Suspiró profundamente. —Eres mi hermana. Y aunque tengas poderes, siempre voy a protegerte. A ti y a los gemelos.
—No te preocupes. Nadie me lastimará. Y si lo hacen… sé que puedo enfrentarme a eso sola —tomé su mano con fuerza—. Soy fuerte y valiente.
Lo sé —admitió—. Pero, aun así, si ese chico te hace algo malo, me dices. ¿Sí? —bufó suavemente—. ¿Él es el otro chico con poderes?
—Oh… no. Él no. Mi compañero se llama Keiren. Y… bueno, no nos llevamos muy bien.
—Ah, pensé que era Erian. Mamá me contó que había otro igual a ti. — hizo una pequeña pausa— ¿Crees que podamos… no sé… recuperar el control del mundo alguna vez?
Su pregunta cayó entre nosotros como un recordatorio severo de mi misión.
—Creo que estaremos bien —dije, intentando sonar tranquila.
Ambos regresamos a nuestras habitaciones. Me recosté en la cama y respiré hondo. Tenía pocas horas para dormir, así que cerré los ojos obligándome a conciliar el sueño. Fue inútil. Durante la noche me desperté una y otra vez; sudaba, la piel se me pegaba a las sábanas y el aire parecía demasiado pesado para respirar.
Cuando la alarma sonó, ya tenía los ojos abiertos. Me rendí ante el cansancio acumulado y me levanté lentamente. Había escuchado a mi familia salir minutos antes: sus voces, sus pasos apresurados, el cierre automático de la puerta. Entré a la ducha, esperando que el agua fría me devolviera un poco de paz. Mientras me duchaba escuché ruidos en mi habitación, pero no les di importancia. Seguramente Axel estaba haciendo algún desastre. Él siempre se despertaba primero; cuando me levantaba, ya estaba escondido en su casita fingiendo que no había hecho nada.
Salí de la ducha con una toalla alrededor de mi cuerpo desnudo y otra enredada en mi cabello. Crucé la puerta… y me quedé paralizada. No podía creerlo. Keiren estaba ahí. En mi habitación. De pie, como si me hubiera estado esperando desde hacía horas. Me faltó el aire por un segundo. Él se giró en cuanto notó mi presencia y, al ver mi incomodidad, me dio la espalda de inmediato. Apreté la toalla con fuerza. Solo pensar en que pudiera caerse me llenó de pánico.
—¿Qué diablos haces aquí? —pregunté, incapaz de ocultar mi impaciencia.
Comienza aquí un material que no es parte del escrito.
lemma strongly_reconstructible_fw_insert_globally_linked:
  assumes "d \<ge> 1" and "globally_linked d V E u v" and "generic d V p"
    and "strongly_reconstructible_fw d V E p"
    and "u \<in> V" "v \<in> V" and "{u, v} \<notin> E"
  shows "strongly_reconstructible_fw d V (E \<union> {{u, v}}) p"
  unfolding strongly_reconstructible_fw_def
proof (intro allI impI)
  fix VH :: "nat set" and F q \<psi>
  assume "graph VH F" "card VH = card V" "generic d VH q"
    and equiv: "length_equiv d (E \<union> {{u, v}}) p F q \<psi>"
  moreover have "induces V E VH (F - {\<psi> {u, v}}) \<psi>"
    using assms(4) \<open>graph VH F\<close> \<open>card VH = card V\<close> \<open>generic d VH q\<close>
      length_equiv_remove_edge[OF equiv assms(7)]
    unfolding strongly_reconstructible_fw_def by (blast intro: graph_subset)
  ultimately show "induces V (E \<union> {{u, v}}) VH F \<psi>"
    using induces_insert_globally_linked[OF assms(1-3)] assms(5,6) by blast
qed

lemma fully_reconstructible_fw_insert_globally_linked:
  assumes "d \<ge> 1" and "globally_linked d V E u v" and "generic d V p" and "graph V E"
    and "fully_reconstructible_fw d V E p"
    and "u \<in> V" "v \<in> V" "u \<noteq> v" and "{u, v} \<notin> E"
  shows "fully_reconstructible_fw d V (E \<union> {{u, v}}) p"
  unfolding fully_reconstructible_fw_def
proof (intro allI impI)
  fix VH :: "nat set" and F q \<psi>
  assume "graph VH F" "no_isolated VH F" "generic d VH q"
    and equiv: "length_equiv d (E \<union> {{u, v}}) p F q \<psi>"
  \<comment> \<open>Deleting \<open>\<psi> {u, v}\<close> may isolate vertices, so G is reconstructed on the vertices covered by \<open>F'\<close>.\<close>
  define F' where "F' = F - {\<psi> {u, v}}"
  have "graph (\<Union>F') F'"
    using graph_Union_edges graph_subset \<open>graph VH F\<close> unfolding F'_def by blast
  moreover have "no_isolated (\<Union>F') F'"
    unfolding no_isolated_def by blast
  moreover have "\<Union>F' \<subseteq> VH"
    using Union_edges_subset \<open>graph VH F\<close> unfolding F'_def by blast
  moreover have "generic d (\<Union>F') q"
    using generic_mono \<open>generic d VH q\<close> calculation(3) by blast
  ultimately have "induces V E (\<Union>F') F' \<psi>"
    using assms(5) length_equiv_remove_edge[OF equiv assms(9)]
    unfolding fully_reconstructible_fw_def F'_def by blast
  then have induced: "induces V (E \<union> {{u, v}}) (\<Union>F') F \<psi>"
    using induces_insert_globally_linked[OF assms(1-3) \<open>generic d VH q\<close> \<open>graph VH F\<close> equiv
        \<open>\<Union>F' \<subseteq> VH\<close>] assms(6,7)
    unfolding F'_def by blast
  have "graph V (E \<union> {{u, v}})"
    using assms(4,6-8) unfolding graph_def by blast
  moreover have "\<psi> ` (E \<union> {{u, v}}) = F"
    using equiv unfolding length_equiv_def bij_betw_def by blast
  ultimately have "\<Union>F \<subseteq> \<Union>F'"
    using induces_edges_subset induced by blast
  moreover have "VH \<subseteq> \<Union>F"
    using \<open>no_isolated VH F\<close> unfolding no_isolated_def by blast
  ultimately have "\<Union>F' = VH"
    using \<open>\<Union>F' \<subseteq> VH\<close> by blast
  with induced show "induces V (E \<union> {{u, v}}) VH F \<psi>"
    by simp
qed

theorem lemma4p10:
  fixes V :: "'a set" and E :: "'a set set" and u v :: 'a and d :: nat
  assumes "d \<ge> 1"
    and "graph V E"
    and "u \<in> V" and "v \<in> V" and "u \<noteq> v"
    and "strongly_reconstructible d V E"
    and "globally_linked d V E u v"
  shows "strongly_reconstructible d V (E \<union> {{u, v}}) \<and>
         (fully_reconstructible d V E \<longrightarrow> fully_reconstructible d V (E \<union> {{u, v}}))"
proof (cases "{u, v} \<in> E")
  case True
  then have "E \<union> {{u, v}} = E" by blast
  with assms(6) show ?thesis by simp
next
  case False
  have "strongly_reconstructible_fw d V (E \<union> {{u, v}}) p" if "generic d V p" for p
    using strongly_reconstructible_fw_insert_globally_linked[OF assms(1,7) that _ assms(3,4) False]
      assms(6) that
    unfolding strongly_reconstructible_def by blast
  moreover have "fully_reconstructible_fw d V (E \<union> {{u, v}}) p"
    if "fully_reconstructible d V E" "generic d V p" for p
    using fully_reconstructible_fw_insert_globally_linked[OF assms(1,7) that(2) assms(2) _ assms(3-5) False]
      that
    unfolding fully_reconstructible_def by blast
  moreover have "no_isolated V E \<Longrightarrow> no_isolated V (E \<union> {{u, v}})"
    unfolding no_isolated_def by blast
  ultimately show ?thesis
    unfolding strongly_reconstructible_def fully_reconstructible_def by blast
qed

end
Keiren ni siquiera se inmutó. —Vine porque VR15 quiere verte. Me envió a buscarte. Dice que tiene que decirnos algo importante.
—¿Mi mentor?… —mi voz salió más baja de lo que esperaba.
—Sí, él —resopló—. Y no era mi intención espiarte ni nada así, por si lo estás pensando. Solo… ponte ropa y vamos. Sus últimas palabras quedaron flotando en el aire, tensas, incómodas, casi culpables.
Yo seguía clavada en el mismo sitio, con el corazón acelerado, tratando de entender cómo demonios había entrado a mi casa sin activar el escáner… y por qué lo veía tan inquieto.
—No entiendo por qué no me buscó él directamente… y por qué entraste así… ¿cómo abriste la puerta? ¿Qué…?
—Ya cállate —bufó—. No dejas de hablar ni un solo segundo ¿Verdad? —Me quedé callada, así que me acerqué a mi clóset para sacar algo de ropa.
Me sentía nerviosa; tan solo pensar en que Keiren estaba en mi habitación hacía que mi corazón se acelerara sin control. Busqué algo cómodo: una blusa de manga corta y unos leggins ajustados. Tomé también mi ropa interior y regresé a la ducha para cambiarme con tranquilidad. Me puse todo rápidamente, peiné mi cabello y lo dejé suelto para que se secara. Salí de nuevo, tomé mi Dup y me miré por última vez en el espejo.
—Estoy lista… vamos. —Dejé para Axel su plato con comida y otro con agua. Keiren caminó detrás de mí sin decir nada. Me detuve frente a la puerta automática de la casa. Se suponía que, al igual que las ventanas, necesitaba un escáner para abrirse, únicamente de los integrantes de la familia, así que no comprendía cómo había logrado entrar.
—¿Cómo lograste entrar?
—Bueno, en realidad no fue muy difícil… Solo esperé un momento específico. Hay una hora exacta en la que el sistema de escáner deja de funcionar. Me puse frente a la puerta y se abrió.
—¿Cómo sabes que deja de funcionar a cierta hora? —pregunté con curiosidad mientras comenzábamos a caminar hacia el laboratorio, que no quedaba lejos.
—Porque yo lo descubrí —suspiró—. Cuando escapaba de casa y me iba a casa de Morty, algunas veces entraba sin problema y en otras se activaba esa alarma ruidosa. Así que me dediqué a buscar la falla y resultó que se trataba de la hora. Siempre se desactiva a las siete y siete de la mañana. Es extraño, pero así funciona.
—Vaya… —murmuré—. ¿Por qué escapabas de casa? ¿Y quién es Morty? ¿Hace cuánto descubriste eso?
—Son tres preguntas —resopló—. ¿Cuál quieres que te responda primero?
—No sé….
—Lo descubrí cuando aún era muy niño, creo que, tenía diez años. Y Morty era mi mejor amigo. Para mí era más como un abuelo, mi familia, aunque no de sangre.
—¿Era? —pregunté, sintiendo un nudo en el pecho.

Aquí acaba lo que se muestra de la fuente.